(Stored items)
::::::
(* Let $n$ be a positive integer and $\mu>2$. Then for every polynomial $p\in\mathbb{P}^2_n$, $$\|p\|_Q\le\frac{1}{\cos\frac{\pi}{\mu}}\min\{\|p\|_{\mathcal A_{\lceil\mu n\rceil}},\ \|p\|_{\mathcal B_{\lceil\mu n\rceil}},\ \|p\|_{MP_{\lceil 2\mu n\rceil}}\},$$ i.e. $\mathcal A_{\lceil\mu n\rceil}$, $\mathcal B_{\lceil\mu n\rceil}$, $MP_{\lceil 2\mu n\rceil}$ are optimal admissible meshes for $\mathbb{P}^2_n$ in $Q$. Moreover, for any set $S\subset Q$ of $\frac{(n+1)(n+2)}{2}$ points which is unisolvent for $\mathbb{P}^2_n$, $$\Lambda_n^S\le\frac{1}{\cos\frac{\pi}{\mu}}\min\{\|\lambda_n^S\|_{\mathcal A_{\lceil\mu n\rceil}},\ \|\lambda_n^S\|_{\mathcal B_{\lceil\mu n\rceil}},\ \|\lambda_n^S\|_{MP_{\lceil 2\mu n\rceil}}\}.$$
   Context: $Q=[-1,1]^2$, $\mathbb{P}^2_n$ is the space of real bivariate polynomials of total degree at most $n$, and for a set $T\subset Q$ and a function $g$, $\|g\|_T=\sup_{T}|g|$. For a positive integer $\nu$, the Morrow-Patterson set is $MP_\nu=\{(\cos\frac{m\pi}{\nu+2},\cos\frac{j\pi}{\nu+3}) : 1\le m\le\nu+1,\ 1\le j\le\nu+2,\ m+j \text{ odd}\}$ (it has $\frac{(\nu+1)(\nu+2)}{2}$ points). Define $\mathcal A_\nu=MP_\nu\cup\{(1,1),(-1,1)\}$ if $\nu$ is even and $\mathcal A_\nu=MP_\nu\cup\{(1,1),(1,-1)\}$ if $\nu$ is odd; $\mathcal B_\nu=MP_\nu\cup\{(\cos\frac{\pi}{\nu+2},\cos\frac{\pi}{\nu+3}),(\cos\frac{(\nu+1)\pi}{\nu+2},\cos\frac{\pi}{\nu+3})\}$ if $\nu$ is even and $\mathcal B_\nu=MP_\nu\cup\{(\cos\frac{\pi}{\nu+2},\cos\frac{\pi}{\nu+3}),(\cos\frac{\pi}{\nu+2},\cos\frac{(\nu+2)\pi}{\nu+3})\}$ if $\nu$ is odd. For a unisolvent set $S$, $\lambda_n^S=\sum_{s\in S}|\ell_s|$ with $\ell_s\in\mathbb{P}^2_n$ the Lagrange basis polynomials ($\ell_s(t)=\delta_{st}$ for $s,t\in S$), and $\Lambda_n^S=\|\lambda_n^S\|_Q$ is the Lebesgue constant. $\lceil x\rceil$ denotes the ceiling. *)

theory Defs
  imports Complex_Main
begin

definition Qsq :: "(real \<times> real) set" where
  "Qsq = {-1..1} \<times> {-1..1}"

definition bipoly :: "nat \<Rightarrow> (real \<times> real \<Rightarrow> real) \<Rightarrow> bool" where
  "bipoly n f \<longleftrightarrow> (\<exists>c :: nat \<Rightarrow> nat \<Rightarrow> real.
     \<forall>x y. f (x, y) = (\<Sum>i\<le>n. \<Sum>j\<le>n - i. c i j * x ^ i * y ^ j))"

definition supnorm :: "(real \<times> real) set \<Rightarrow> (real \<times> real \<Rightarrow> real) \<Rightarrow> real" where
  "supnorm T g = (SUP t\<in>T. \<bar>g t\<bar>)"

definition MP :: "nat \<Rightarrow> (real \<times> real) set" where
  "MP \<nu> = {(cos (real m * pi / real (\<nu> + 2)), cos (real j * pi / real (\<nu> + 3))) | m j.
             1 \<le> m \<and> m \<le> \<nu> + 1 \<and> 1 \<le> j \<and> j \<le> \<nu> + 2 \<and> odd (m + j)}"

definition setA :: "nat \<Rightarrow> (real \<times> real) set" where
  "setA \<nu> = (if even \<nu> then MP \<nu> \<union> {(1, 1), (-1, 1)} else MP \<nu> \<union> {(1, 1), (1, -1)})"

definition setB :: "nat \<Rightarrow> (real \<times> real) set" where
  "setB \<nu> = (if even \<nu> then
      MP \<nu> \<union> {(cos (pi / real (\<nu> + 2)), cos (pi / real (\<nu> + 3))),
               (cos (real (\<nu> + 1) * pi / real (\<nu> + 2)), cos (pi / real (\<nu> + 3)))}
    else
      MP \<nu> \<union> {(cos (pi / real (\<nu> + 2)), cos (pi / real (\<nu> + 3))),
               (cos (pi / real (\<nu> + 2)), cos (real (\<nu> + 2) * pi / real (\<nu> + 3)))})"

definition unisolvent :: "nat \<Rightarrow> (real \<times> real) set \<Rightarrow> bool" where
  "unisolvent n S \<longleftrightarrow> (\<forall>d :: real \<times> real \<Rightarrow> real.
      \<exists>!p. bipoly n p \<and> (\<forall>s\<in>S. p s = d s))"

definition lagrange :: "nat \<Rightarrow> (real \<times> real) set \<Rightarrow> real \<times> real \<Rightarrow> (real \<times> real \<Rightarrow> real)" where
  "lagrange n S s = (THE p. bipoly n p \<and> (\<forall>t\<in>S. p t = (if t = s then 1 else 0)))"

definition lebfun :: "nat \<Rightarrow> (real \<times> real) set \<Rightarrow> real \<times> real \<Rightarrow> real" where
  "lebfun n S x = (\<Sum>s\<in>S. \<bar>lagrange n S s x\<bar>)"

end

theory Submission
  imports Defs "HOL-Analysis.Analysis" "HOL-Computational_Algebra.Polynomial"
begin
::::::
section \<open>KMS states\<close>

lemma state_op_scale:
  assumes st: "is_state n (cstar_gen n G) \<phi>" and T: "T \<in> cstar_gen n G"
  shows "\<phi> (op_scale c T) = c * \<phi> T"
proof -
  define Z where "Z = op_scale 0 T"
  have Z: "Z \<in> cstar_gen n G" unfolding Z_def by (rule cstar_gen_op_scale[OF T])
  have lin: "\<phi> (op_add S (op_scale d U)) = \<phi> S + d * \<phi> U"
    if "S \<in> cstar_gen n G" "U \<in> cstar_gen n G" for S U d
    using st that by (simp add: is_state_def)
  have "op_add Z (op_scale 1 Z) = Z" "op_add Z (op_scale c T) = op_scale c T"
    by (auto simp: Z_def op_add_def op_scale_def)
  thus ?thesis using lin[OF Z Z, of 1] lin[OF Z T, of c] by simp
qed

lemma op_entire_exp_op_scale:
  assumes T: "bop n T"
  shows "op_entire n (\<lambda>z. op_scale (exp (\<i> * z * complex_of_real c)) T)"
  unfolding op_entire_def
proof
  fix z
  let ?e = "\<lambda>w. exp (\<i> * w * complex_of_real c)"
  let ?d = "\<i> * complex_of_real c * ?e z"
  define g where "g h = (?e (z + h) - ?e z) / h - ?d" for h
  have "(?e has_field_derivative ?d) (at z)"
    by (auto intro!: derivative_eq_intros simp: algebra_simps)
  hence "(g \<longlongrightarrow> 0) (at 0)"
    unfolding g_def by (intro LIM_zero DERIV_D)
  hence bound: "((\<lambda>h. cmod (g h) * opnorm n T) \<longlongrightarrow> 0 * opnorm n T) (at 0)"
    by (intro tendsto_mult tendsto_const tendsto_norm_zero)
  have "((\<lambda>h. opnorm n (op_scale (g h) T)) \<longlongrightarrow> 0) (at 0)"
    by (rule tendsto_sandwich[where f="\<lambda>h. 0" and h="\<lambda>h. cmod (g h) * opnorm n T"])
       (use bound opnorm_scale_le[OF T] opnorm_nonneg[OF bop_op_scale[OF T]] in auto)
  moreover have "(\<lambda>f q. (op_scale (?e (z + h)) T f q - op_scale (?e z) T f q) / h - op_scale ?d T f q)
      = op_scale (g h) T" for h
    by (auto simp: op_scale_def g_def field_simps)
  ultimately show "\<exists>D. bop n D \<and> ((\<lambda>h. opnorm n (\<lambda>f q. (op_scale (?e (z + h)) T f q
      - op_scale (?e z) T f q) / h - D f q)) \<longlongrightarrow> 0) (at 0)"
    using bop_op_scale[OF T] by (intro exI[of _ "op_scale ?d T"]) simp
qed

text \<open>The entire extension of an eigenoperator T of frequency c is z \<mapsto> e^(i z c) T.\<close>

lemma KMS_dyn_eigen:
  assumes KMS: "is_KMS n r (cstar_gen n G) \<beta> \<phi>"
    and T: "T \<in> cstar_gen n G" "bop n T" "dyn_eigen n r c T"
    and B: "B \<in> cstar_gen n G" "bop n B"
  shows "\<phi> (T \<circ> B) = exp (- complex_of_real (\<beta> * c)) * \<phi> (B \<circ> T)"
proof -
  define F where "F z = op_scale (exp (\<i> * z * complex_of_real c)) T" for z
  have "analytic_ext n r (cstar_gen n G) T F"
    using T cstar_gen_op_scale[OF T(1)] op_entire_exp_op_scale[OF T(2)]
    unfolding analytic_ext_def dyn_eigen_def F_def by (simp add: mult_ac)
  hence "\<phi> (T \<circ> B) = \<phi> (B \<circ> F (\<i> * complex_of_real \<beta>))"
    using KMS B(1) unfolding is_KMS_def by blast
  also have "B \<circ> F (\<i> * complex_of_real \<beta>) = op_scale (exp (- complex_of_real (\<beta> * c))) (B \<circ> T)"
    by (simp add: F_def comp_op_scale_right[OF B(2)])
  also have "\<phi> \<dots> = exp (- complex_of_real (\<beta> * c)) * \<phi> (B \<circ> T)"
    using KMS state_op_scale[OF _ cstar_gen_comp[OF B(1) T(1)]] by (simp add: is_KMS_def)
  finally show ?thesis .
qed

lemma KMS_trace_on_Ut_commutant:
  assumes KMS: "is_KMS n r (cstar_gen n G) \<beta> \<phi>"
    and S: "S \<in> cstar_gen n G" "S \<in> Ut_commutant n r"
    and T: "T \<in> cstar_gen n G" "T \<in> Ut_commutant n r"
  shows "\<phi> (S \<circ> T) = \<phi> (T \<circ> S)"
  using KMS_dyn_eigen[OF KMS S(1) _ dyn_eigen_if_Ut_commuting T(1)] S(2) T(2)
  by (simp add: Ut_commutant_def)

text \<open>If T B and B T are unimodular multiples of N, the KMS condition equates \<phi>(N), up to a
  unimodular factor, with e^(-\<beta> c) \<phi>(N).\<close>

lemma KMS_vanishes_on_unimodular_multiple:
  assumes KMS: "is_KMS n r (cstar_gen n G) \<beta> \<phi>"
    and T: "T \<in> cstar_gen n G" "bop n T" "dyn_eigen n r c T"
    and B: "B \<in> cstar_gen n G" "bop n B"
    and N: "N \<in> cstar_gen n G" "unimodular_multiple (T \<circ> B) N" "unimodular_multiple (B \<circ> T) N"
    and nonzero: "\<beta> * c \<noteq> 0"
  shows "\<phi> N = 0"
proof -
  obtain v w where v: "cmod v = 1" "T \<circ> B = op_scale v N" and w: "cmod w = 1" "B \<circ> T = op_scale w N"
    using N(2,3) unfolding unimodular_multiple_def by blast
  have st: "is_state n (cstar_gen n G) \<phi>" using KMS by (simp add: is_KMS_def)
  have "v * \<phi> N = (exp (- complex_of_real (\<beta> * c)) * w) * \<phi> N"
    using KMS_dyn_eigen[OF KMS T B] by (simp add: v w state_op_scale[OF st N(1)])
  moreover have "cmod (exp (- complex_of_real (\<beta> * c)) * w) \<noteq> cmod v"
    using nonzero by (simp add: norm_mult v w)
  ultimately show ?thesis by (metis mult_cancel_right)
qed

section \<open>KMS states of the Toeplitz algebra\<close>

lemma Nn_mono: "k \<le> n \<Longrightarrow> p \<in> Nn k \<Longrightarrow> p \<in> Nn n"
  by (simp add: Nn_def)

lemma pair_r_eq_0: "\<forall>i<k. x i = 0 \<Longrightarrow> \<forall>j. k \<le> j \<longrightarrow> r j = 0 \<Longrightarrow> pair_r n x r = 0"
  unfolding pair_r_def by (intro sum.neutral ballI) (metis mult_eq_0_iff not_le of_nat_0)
::::::
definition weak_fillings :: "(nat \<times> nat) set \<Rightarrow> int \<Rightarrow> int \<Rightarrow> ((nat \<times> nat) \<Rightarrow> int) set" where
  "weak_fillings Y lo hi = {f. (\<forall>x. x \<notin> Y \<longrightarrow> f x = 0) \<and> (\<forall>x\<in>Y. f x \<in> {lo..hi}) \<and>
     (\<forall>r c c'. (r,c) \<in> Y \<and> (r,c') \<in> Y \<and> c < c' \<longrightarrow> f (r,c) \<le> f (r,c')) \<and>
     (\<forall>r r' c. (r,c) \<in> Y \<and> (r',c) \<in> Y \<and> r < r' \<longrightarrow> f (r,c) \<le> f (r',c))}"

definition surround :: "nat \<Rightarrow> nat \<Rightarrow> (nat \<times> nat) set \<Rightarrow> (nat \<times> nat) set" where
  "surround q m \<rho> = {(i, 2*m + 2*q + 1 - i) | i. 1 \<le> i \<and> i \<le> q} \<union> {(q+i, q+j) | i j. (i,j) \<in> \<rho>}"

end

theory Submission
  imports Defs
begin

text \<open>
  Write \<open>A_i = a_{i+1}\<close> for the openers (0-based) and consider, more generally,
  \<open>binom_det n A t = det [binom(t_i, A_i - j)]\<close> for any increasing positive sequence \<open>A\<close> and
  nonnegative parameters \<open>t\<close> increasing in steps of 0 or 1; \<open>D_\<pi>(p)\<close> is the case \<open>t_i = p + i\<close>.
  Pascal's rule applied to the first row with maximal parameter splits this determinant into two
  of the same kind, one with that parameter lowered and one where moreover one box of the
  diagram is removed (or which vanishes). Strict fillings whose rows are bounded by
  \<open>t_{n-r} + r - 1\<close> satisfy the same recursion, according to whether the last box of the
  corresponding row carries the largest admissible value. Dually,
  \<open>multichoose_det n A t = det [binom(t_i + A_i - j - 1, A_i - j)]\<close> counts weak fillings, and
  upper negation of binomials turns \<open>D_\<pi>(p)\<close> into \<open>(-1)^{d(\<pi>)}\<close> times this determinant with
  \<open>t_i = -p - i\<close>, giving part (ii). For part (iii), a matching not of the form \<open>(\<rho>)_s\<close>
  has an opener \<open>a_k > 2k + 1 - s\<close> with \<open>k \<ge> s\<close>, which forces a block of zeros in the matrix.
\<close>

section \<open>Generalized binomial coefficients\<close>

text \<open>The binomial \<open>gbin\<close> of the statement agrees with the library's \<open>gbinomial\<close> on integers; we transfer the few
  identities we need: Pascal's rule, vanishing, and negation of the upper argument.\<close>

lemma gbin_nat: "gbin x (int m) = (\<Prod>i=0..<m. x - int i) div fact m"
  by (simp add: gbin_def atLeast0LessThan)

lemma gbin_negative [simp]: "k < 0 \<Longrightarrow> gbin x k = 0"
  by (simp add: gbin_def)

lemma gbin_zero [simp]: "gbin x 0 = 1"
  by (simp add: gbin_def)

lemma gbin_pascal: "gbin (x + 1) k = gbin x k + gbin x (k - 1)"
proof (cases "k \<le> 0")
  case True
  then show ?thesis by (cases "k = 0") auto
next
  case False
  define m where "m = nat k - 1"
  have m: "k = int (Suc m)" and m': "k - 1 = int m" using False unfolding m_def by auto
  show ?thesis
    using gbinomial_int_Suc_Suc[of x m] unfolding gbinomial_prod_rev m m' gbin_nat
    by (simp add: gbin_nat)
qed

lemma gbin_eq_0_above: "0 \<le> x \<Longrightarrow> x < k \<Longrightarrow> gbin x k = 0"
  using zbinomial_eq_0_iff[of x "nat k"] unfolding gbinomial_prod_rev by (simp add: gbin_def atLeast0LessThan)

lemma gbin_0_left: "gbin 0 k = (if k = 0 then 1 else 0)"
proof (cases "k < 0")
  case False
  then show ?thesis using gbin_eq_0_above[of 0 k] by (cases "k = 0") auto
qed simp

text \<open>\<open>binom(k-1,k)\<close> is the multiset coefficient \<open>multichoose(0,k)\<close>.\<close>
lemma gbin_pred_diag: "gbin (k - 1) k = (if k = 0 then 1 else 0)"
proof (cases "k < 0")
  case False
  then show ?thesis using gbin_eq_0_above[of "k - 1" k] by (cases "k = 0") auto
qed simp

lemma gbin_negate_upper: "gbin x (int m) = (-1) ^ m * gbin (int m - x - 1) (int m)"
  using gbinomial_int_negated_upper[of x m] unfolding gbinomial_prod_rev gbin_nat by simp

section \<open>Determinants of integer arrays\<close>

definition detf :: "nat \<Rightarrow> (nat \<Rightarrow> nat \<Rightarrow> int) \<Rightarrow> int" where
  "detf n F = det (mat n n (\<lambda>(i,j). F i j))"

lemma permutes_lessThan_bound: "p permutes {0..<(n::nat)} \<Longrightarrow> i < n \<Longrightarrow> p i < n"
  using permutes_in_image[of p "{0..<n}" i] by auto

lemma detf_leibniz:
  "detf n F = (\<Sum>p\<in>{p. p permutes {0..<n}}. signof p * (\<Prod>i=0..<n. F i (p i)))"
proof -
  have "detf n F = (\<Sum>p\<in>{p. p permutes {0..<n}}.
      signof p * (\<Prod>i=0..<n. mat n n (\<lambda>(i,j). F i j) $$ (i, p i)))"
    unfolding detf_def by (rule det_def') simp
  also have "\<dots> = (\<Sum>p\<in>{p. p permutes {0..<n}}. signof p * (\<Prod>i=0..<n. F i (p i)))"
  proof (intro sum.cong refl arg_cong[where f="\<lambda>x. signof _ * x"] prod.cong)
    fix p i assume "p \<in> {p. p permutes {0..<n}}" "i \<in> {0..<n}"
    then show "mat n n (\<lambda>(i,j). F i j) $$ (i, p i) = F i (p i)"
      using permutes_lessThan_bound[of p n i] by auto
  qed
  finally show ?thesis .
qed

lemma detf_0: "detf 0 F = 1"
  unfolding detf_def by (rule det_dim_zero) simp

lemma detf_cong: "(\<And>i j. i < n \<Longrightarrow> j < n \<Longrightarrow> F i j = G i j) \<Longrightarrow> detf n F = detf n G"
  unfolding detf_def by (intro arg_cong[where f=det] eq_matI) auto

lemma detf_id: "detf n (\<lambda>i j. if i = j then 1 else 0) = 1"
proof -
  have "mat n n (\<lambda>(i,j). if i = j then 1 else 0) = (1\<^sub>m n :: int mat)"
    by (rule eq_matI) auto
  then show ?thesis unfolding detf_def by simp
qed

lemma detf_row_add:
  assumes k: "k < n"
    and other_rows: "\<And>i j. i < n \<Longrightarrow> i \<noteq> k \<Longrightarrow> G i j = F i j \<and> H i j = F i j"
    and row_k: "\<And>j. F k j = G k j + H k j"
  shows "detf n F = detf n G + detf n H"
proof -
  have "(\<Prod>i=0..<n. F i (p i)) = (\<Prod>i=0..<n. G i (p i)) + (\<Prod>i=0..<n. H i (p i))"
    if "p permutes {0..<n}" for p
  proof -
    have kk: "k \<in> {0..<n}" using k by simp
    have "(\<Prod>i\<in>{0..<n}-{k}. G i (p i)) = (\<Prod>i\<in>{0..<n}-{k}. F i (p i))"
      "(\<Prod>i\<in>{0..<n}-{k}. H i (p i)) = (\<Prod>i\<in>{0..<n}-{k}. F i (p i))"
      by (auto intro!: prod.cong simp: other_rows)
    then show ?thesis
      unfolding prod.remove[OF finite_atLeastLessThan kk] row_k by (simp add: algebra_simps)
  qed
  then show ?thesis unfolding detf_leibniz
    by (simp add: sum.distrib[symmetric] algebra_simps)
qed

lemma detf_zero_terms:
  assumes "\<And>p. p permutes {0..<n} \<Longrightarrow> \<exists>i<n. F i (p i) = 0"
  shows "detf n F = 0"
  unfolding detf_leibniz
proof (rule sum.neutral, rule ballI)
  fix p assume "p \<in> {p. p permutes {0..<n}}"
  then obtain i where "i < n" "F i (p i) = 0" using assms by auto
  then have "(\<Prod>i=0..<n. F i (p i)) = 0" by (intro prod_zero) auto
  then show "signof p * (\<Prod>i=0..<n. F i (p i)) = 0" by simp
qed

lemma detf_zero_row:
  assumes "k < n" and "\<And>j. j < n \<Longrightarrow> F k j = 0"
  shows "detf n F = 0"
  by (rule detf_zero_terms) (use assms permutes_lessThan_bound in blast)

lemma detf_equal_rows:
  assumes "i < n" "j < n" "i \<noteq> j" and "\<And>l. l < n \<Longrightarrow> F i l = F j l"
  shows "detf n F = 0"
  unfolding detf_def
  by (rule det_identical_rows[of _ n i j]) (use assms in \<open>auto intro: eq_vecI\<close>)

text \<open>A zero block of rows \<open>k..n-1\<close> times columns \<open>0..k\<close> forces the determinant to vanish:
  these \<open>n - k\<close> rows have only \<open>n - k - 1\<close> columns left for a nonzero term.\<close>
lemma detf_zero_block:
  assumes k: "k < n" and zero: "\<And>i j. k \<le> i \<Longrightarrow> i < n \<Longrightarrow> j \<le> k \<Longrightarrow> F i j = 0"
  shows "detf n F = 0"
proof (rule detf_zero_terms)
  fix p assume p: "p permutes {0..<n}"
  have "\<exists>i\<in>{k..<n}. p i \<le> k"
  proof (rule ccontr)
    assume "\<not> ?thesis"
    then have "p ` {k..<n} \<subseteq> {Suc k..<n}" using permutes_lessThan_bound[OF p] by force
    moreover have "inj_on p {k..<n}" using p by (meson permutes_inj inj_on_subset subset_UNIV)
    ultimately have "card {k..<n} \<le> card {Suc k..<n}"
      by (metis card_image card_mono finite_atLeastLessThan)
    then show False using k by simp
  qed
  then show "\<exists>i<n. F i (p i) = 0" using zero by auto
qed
::::::
Produce only the lines from the line containing "1) k = (if k" through the line containing "gbin (int m", inclusive of both, exactly as they stand in the entries above.

lemma gbin_pred_diag: "gbin (k - 1) k = (if k = 0 then 1 else 0)"
proof (cases "k < 0")
  case False
  then show ?thesis using gbin_eq_0_above[of "k - 1" k] by (cases "k = 0") auto
qed simp

lemma gbin_negate_upper: "gbin x (int m) = (-1) ^ m * gbin (int m - x - 1) (int m)"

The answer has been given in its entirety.